This new approach can be broken down into four features:

  1. Consolidated error page
  2. Logging of error codes
  3. Custom Error Pages add-on
  4. Improved maintenance mode

These items are now available in public beta, activated by installing the Custom Error Pages add-on. Once the public beta period is over, items 1, 2, and 4 will become the default for all apps.

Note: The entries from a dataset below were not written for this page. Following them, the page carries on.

lemma unique_factorisation:
  "lam \<in> L \<Longrightarrow> d lam = (\<lambda>j. m j + n j) \<Longrightarrow>
   \<exists>mu nu. mu \<in> L \<and> nu \<in> L \<and> s mu = r nu \<and> lam = cmp mu nu \<and> d mu = m \<and> d nu = n \<and>
     (\<forall>mu' nu'. mu' \<in> L \<and> nu' \<in> L \<and> s mu' = r nu' \<and> lam = cmp mu' nu' \<and> d mu' = m \<and> d nu' = n
        \<longrightarrow> mu' = mu \<and> nu' = nu)"
  using kgraph by (simp add: kgraph_def)

lemma factorisation_exists:
  "lam \<in> L \<Longrightarrow> d lam = (\<lambda>j. m j + n j) \<Longrightarrow>
   \<exists>mu nu. mu \<in> L \<and> nu \<in> L \<and> s mu = r nu \<and> lam = cmp mu nu \<and> d mu = m \<and> d nu = n"
  using unique_factorisation by blast

lemma factorisation_unique:
  assumes "mu \<in> L" "nu \<in> L" "mu' \<in> L" "nu' \<in> L" "s mu = r nu" "s mu' = r nu'"
    and "cmp mu nu = cmp mu' nu'" "d mu = d mu'" "d nu = d nu'"
  shows "mu = mu' \<and> nu = nu'"
proof -
  have "cmp mu nu \<in> L" "d (cmp mu nu) = (\<lambda>j. d mu j + d nu j)"
    using cmp_props assms by auto
  from unique_factorisation[OF this] show ?thesis
    using assms by metis
qed

abbreviation paths where "paths \<equiv> inf_paths L r s ident cmp d"

lemma inf_path_segment: "x \<in> paths \<Longrightarrow> p \<le> q \<Longrightarrow> x p q \<in> L \<and> d (x p q) = (\<lambda>j. q j - p j)"
  unfolding inf_paths_def by blast

lemma inf_path_cmp:
  "x \<in> paths \<Longrightarrow> p \<le> q \<Longrightarrow> q \<le> w \<Longrightarrow> s (x p q) = r (x q w) \<and> x p w = cmp (x p q) (x q w)"
  unfolding inf_paths_def by blast

lemma inf_path_undefined: "x \<in> paths \<Longrightarrow> \<not> p \<le> q \<Longrightarrow> x p q = undefined"
  unfolding inf_paths_def by blast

Let’s take a tour of this new world of error handling.

Consolidated Error Page

An error being served in a high-traffic app is more likely to be served to an end user than to the application developer; so showing information like “backlog too deep” or “request timed out” is useless and potentially confusing to the viewer. All error pages served over HTTP are now represented by a consolidated error page, and always serve with an HTTP status code of 503.

Logging of Error Codes

Because we’re no longer putting details of the error into the page served via HTTP, you’ll need to get at them some other way. In this new model, error details are now part of your application’s log. We’ve assigned a unique code to each type of error, and they’l be placed alongside the log line produced by the HTTP router. Like this:

18:05:10 heroku[router]: Error H12 (Request timeout) -> GET myapp.heroku.com/errortest dyno=web.1 queue=0 wait=0ms service=30000ms bytes=0

In this example, the dyno spent too long servicing the request and was timed out by the router. Each type of error gets its own error code, with all HTTP errors starting with the letter H. Here’s the complete list of error codes. In the future we’ll be adding codes for other kinds of errors that can occur (for example, errors during deployment).

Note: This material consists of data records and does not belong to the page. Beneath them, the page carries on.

(* Let $m,n\geq2$ and let $V\subset[m]\times[n]$ with $|V|=m+n-1$. Then $V$ is a tree if and only if $\det(\mathfrak A(V))\neq0$.
   Context: Write $V=\phi(S)$ with $S=\{i_1<\dots<i_{m+n-1}\}\subset[mn]$, where $\phi(i)=(t,r)$ for $i=(t-1)n+r$, $t\in[m]$, $r\in[n]$. The structure matrix $\mathfrak A(V)=(a_{s,k})$ is the $(m+n-1)\times(m+n-1)$ matrix with, for $\phi(i_k)=(t,r)$: $a_{s,k}=1$ if $s=t<m$; $a_{s,k}=1$ if $s=m$; $a_{s,k}=1$ if $s=m+r<m+n$; $a_{s,k}=0$ otherwise. Graph notions on $[m]\times[n]$: distinct points adjacent iff they share a row or column; a circuit is a cyclic sequence $v_0,\dots,v_{s-1}$ ($s\ge4$) of pairwise distinct points $v_k=(i_k,j_k)$ with (indices mod $s$) $v_k,v_{k+1}$ adjacent and $(i_{k+2}-i_k)(j_{k+2}-j_k)\neq0$ for all $k$; a tree is a connected subset (any two points joined by a path of adjacent points in it) containing no circuit. *)

theory Defs
  imports "Jordan_Normal_Form.Determinant"
begin

text \<open>Points of the grid [m] x [n] are pairs (t, r) of naturals, 1-based.\<close>

definition phi :: "nat \<Rightarrow> nat \<Rightarrow> nat \<times> nat" where
  "phi n i = ((i - 1) div n + 1, (i - 1) mod n + 1)"

definition phi_inv :: "nat \<Rightarrow> nat \<times> nat \<Rightarrow> nat" where
  "phi_inv n p = (fst p - 1) * n + snd p"

definition grid :: "nat \<Rightarrow> nat \<Rightarrow> (nat \<times> nat) set" where
  "grid m n = {1..m} \<times> {1..n}"

text \<open>The index set S with V = phi(S); i_k is the k-th smallest element (k 0-based here).\<close>
definition idx_set :: "nat \<Rightarrow> (nat \<times> nat) set \<Rightarrow> nat set" where
  "idx_set n V = phi_inv n ` V"

definition structure_matrix :: "nat \<Rightarrow> nat \<Rightarrow> (nat \<times> nat) set \<Rightarrow> int mat" where
  "structure_matrix m n V =
     mat (m + n - 1) (m + n - 1)
       (\<lambda>(s0, k). let s = s0 + 1;
                      tr = phi n (sorted_list_of_set (idx_set n V) ! k);
                      t = fst tr; r = snd tr
                  in if (s = t \<and> t < m) \<or> s = m \<or> (s = m + r \<and> m + r < m + n)
                     then 1 else 0)"

definition adjacent :: "nat \<times> nat \<Rightarrow> nat \<times> nat \<Rightarrow> bool" where
  "adjacent p q \<longleftrightarrow> p \<noteq> q \<and> (fst p = fst q \<or> snd p = snd q)"

definition is_circuit_in :: "(nat \<times> nat) set \<Rightarrow> nat \<Rightarrow> (nat \<Rightarrow> nat \<times> nat) \<Rightarrow> bool" where
  "is_circuit_in V s v \<longleftrightarrow> s \<ge> 4 \<and> (\<forall>k<s. v k \<in> V) \<and> inj_on v {..<s} \<and>
     (\<forall>k<s. adjacent (v k) (v ((k + 1) mod s)) \<and>
        (int (fst (v ((k + 2) mod s))) - int (fst (v k))) *
        (int (snd (v ((k + 2) mod s))) - int (snd (v k))) \<noteq> 0)"

definition connected_set :: "(nat \<times> nat) set \<Rightarrow> bool" where
  "connected_set V \<longleftrightarrow> (\<forall>p\<in>V. \<forall>q\<in>V. \<exists>xs. xs \<noteq> [] \<and> hd xs = p \<and> last xs = q \<and>
       set xs \<subseteq> V \<and> (\<forall>i. Suc i < length xs \<longrightarrow> adjacent (xs ! i) (xs ! Suc i)))"

definition is_tree :: "(nat \<times> nat) set \<Rightarrow> bool" where
  "is_tree V \<longleftrightarrow> connected_set V \<and> \<not> (\<exists>s v. is_circuit_in V s v)"

end

theory Submission
  imports Defs
begin

text \<open>
  Index the rows of \<open>\<AA>(V)\<close> by grid lines (the rows \<open>1..m-1\<close>, the whole grid, the columns
  \<open>1..n-1\<close>) and its columns by the points of \<open>V\<close>. A kernel vector of \<open>\<AA>(V)\<close> is then a weighting
  of \<open>V\<close> whose row and column sums all vanish. In the support of a nonzero such weighting every
  point shares a row and a column with further points of the support, so a walk alternating
  between rows and columns closes up into a circuit; conversely, signs \<open>\<plusminus>1\<close> alternating along
  a circuit give such a weighting. Hence \<open>V\<close> contains a circuit iff \<open>det \<AA>(V) = 0\<close>. Finally, if
  \<open>V\<close> is disconnected, the rows and columns met by one component give a nonzero vector in the
  left kernel of \<open>\<AA>(V)\<close>, so \<open>det \<AA>(V) \<noteq> 0\<close> also forces connectedness.
\<close>

section \<open>Circuits from alternating walks\<close>

lemma alternating_cycle_is_circuit:
  fixes v :: "nat \<Rightarrow> nat \<times> nat"
  assumes "even s" and "s \<ge> 2" and inj: "inj_on v {..<s}" and "v ` {..<s} \<subseteq> V"
    and alt: "\<forall>k<s. if even (c + k) then fst (v k) = fst (v ((k + 1) mod s))
                                   else snd (v k) = snd (v ((k + 1) mod s))"
  shows "is_circuit_in V s v"
proof -
  have next_ne: "v ((k + 1) mod s) \<noteq> v k" if "k < s" for k
  proof -
    have "(k + 1) mod s \<noteq> k"
      using that \<open>s \<ge> 2\<close> by (cases "k + 1 = s") auto
    then show ?thesis
      using inj that \<open>s \<ge> 2\<close> by (simp add: inj_on_eq_iff)
  qed
  have step: "adjacent (v k) (v ((k + 1) mod s)) \<and>
      (int (fst (v ((k + 2) mod s))) - int (fst (v k))) *
      (int (snd (v ((k + 2) mod s))) - int (snd (v k))) \<noteq> 0" if k: "k < s" for k
  proof -
    define k' where "k' = (k + 1) mod s"
    have k': "k' < s" "(k + 2) mod s = (k' + 1) mod s"
      using \<open>s \<ge> 2\<close> by (simp_all add: k'_def mod_Suc_eq)
    have flip: "even (c + k') \<longleftrightarrow> odd (c + k)"
      using k \<open>even s\<close> by (cases "k + 1 = s") (auto simp: k'_def)
    have alt_k: "if even (c + k) then fst (v k) = fst (v k') else snd (v k) = snd (v k')"
      using alt k by (simp add: k'_def)
    have alt_k': "if even (c + k') then fst (v k') = fst (v ((k' + 1) mod s))
                  else snd (v k') = snd (v ((k' + 1) mod s))"
      using alt k'(1) by blast
    have "v k' \<noteq> v k" "v ((k' + 1) mod s) \<noteq> v k'"
      using next_ne k k'(1) by (simp_all add: k'_def)
    then show ?thesis
      using alt_k alt_k' flip unfolding k'(2) k'_def[symmetric] adjacent_def
      by (cases "even (c + k)") (auto simp: prod_eq_iff simp del: even_add)
  qed
  have "s \<noteq> 2"
  proof
    assume "s = 2"
    then show False
      using alt next_ne[of 0] by (cases "even c") (auto simp: prod_eq_iff)
  qed
  with \<open>even s\<close> \<open>s \<ge> 2\<close> have "s \<ge> 4"
    by (auto elim!: evenE)
  then show ?thesis
    unfolding is_circuit_in_def using step inj \<open>v ` {..<s} \<subseteq> V\<close> by blast
qed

Note that you’ll need the new logging add-on in order to see error code logging.

Custom Error Pages

The standard error page is unbranded, but you might wish to use an error page styled to match the rest of your site. You can’t do this directly, because these error pages are generated from outside your app. (When your app is broken or overloaded, it’s impossible for it to serve any page.)

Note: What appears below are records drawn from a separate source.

(* Write N = 2^n and |v(A)> = N^(-1/2) \<Sum>_{a,b} A_{ab} |a>|b> for the Choi vector of an N x N
   matrix A.  The tester prepares k copies of the maximally entangled state |v(I)>, applies U
   to the first register of each copy (k queries) and measures the projector onto the span of
   the states |v(sigma_x)>^(\<otimes>k) for all Pauli strings sigma_x.  Because the Pauli strings are
   orthogonal for the Frobenius inner product, these states are orthonormal and the acceptance
   probability is \<Sum>_x r_x^(2k), where r_x = |<sigma_x, U>| / N.
   If U is a phase times a Pauli string, one r_x equals 1 and the tester accepts with
   probability 1.  If U is eps-far from the Pauli group, every r_x is at most 1 - eps^2 (by the
   definition of the phase distance) and \<Sum>_x r_x^2 \<le> 1 (Bessel's inequality), so the
   acceptance probability is at most (1 - eps^2)^(2(k-1)) \<le> 1/3 once k - 1 \<ge> 1/eps^2.
   For eps > 1 no unitary is eps-far and a query-free tester suffices. *)

section \<open>Mixed-radix indices\<close>

text \<open>The basis index i of (C^N)^(\<otimes>m) is read as m base-N digits; digit 0 is the least significant
  one, i.e. the last tensor factor.\<close>

definition digit :: "nat \<Rightarrow> nat \<Rightarrow> nat \<Rightarrow> nat" where
  "digit N d i = i div N ^ d mod N"

lemma mixed_radix_less: "(b::nat) < M \<Longrightarrow> a < p \<Longrightarrow> b + M * a < p * M"
proof -
  assume "b < M" "a < p"
  hence "b + M * a < M + M * a" by linarith
  also have "\<dots> = M * Suc a" by simp
  also have "\<dots> \<le> M * p" using \<open>a < p\<close> by (intro mult_le_mono2) simp
  finally show ?thesis by (simp add: mult.commute)
qed

lemma mixed_radix_div_mod: "(x::nat) < m \<Longrightarrow> (x + m * a) div m = a \<and> (x + m * a) mod m = x"
  by simp

lemma digit_split:
  assumes "x < N ^ e" "N > 0"
  shows "digit N d (x + N ^ e * y) = (if d < e then digit N d x else digit N (d - e) y)"
proof (cases "d < e")
  case True
  have "N ^ e = N ^ d * N ^ (e - d)" using True by (simp flip: power_add)
  hence "(x + N ^ e * y) div N ^ d = x div N ^ d + N ^ (e - d) * y"
    using assms by (simp add: mult.assoc)
  moreover have "N ^ (e - d) = N * N ^ (e - d - 1)" using True
    by (metis Suc_diff_Suc diff_Suc_1 power_Suc zero_less_diff)
  ultimately show ?thesis using True by (simp add: digit_def mult.assoc)
next
  case False
  have e: "N ^ d = N ^ e * N ^ (d - e)" using False by (simp flip: power_add)
  have "(x + N ^ e * y) div N ^ e = y" using assms by simp
  hence "(x + N ^ e * y) div N ^ d = y div N ^ (d - e)"
    by (simp add: e div_mult2_eq)
  thus ?thesis using False by (simp add: digit_def)
qed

The Custom Error Pages add-on gives you the ability to specify a URL to your own error page, which can have any text and style you want. Usage is simple:

$ heroku addons:add custom_error_pages
 Adding custom_error_pages to myapp...done.
 $ heroku config:add ERROR_PAGE_URL=http://s3.amazonaws.com/your_bucket/your_error_page.html

You can put your HTML anywhere, though we recommend S3 for its simplicity and reliability.

Improved Maintenance Mode

The final piece of the puzzle is a new maintenance mode, to address problems with our current maintenance mode implementation for apps with more than fifty dynos. This new implementation handles maintenance mode at the HTTP router, providing an instantaneous response for turning maintenance mode on or off regardless of the size of your app. It uses a standard page which serves with an HTTP 503 code. You can use the Custom Error Pages add-on to provide your own maintenance page to the router. (If for some reason you prefer the current maintenance mode, it’s available as Rack middleware.)


During the beta, adding the Custom Error Pages add-on will turn on the consolidated error page, logging of error codes, and the new maintenance mode. When the beta is over, everything other than the add-on itself will become standard for all apps. Custom Error Pages will become a premium-priced feature after the beta, reflecting its nature as useful primarily to production apps with significant investment in their brand image.

We believe these changes will significantly improve the experience of dealing with errors on Heroku. Give it a try and tell us if you agree!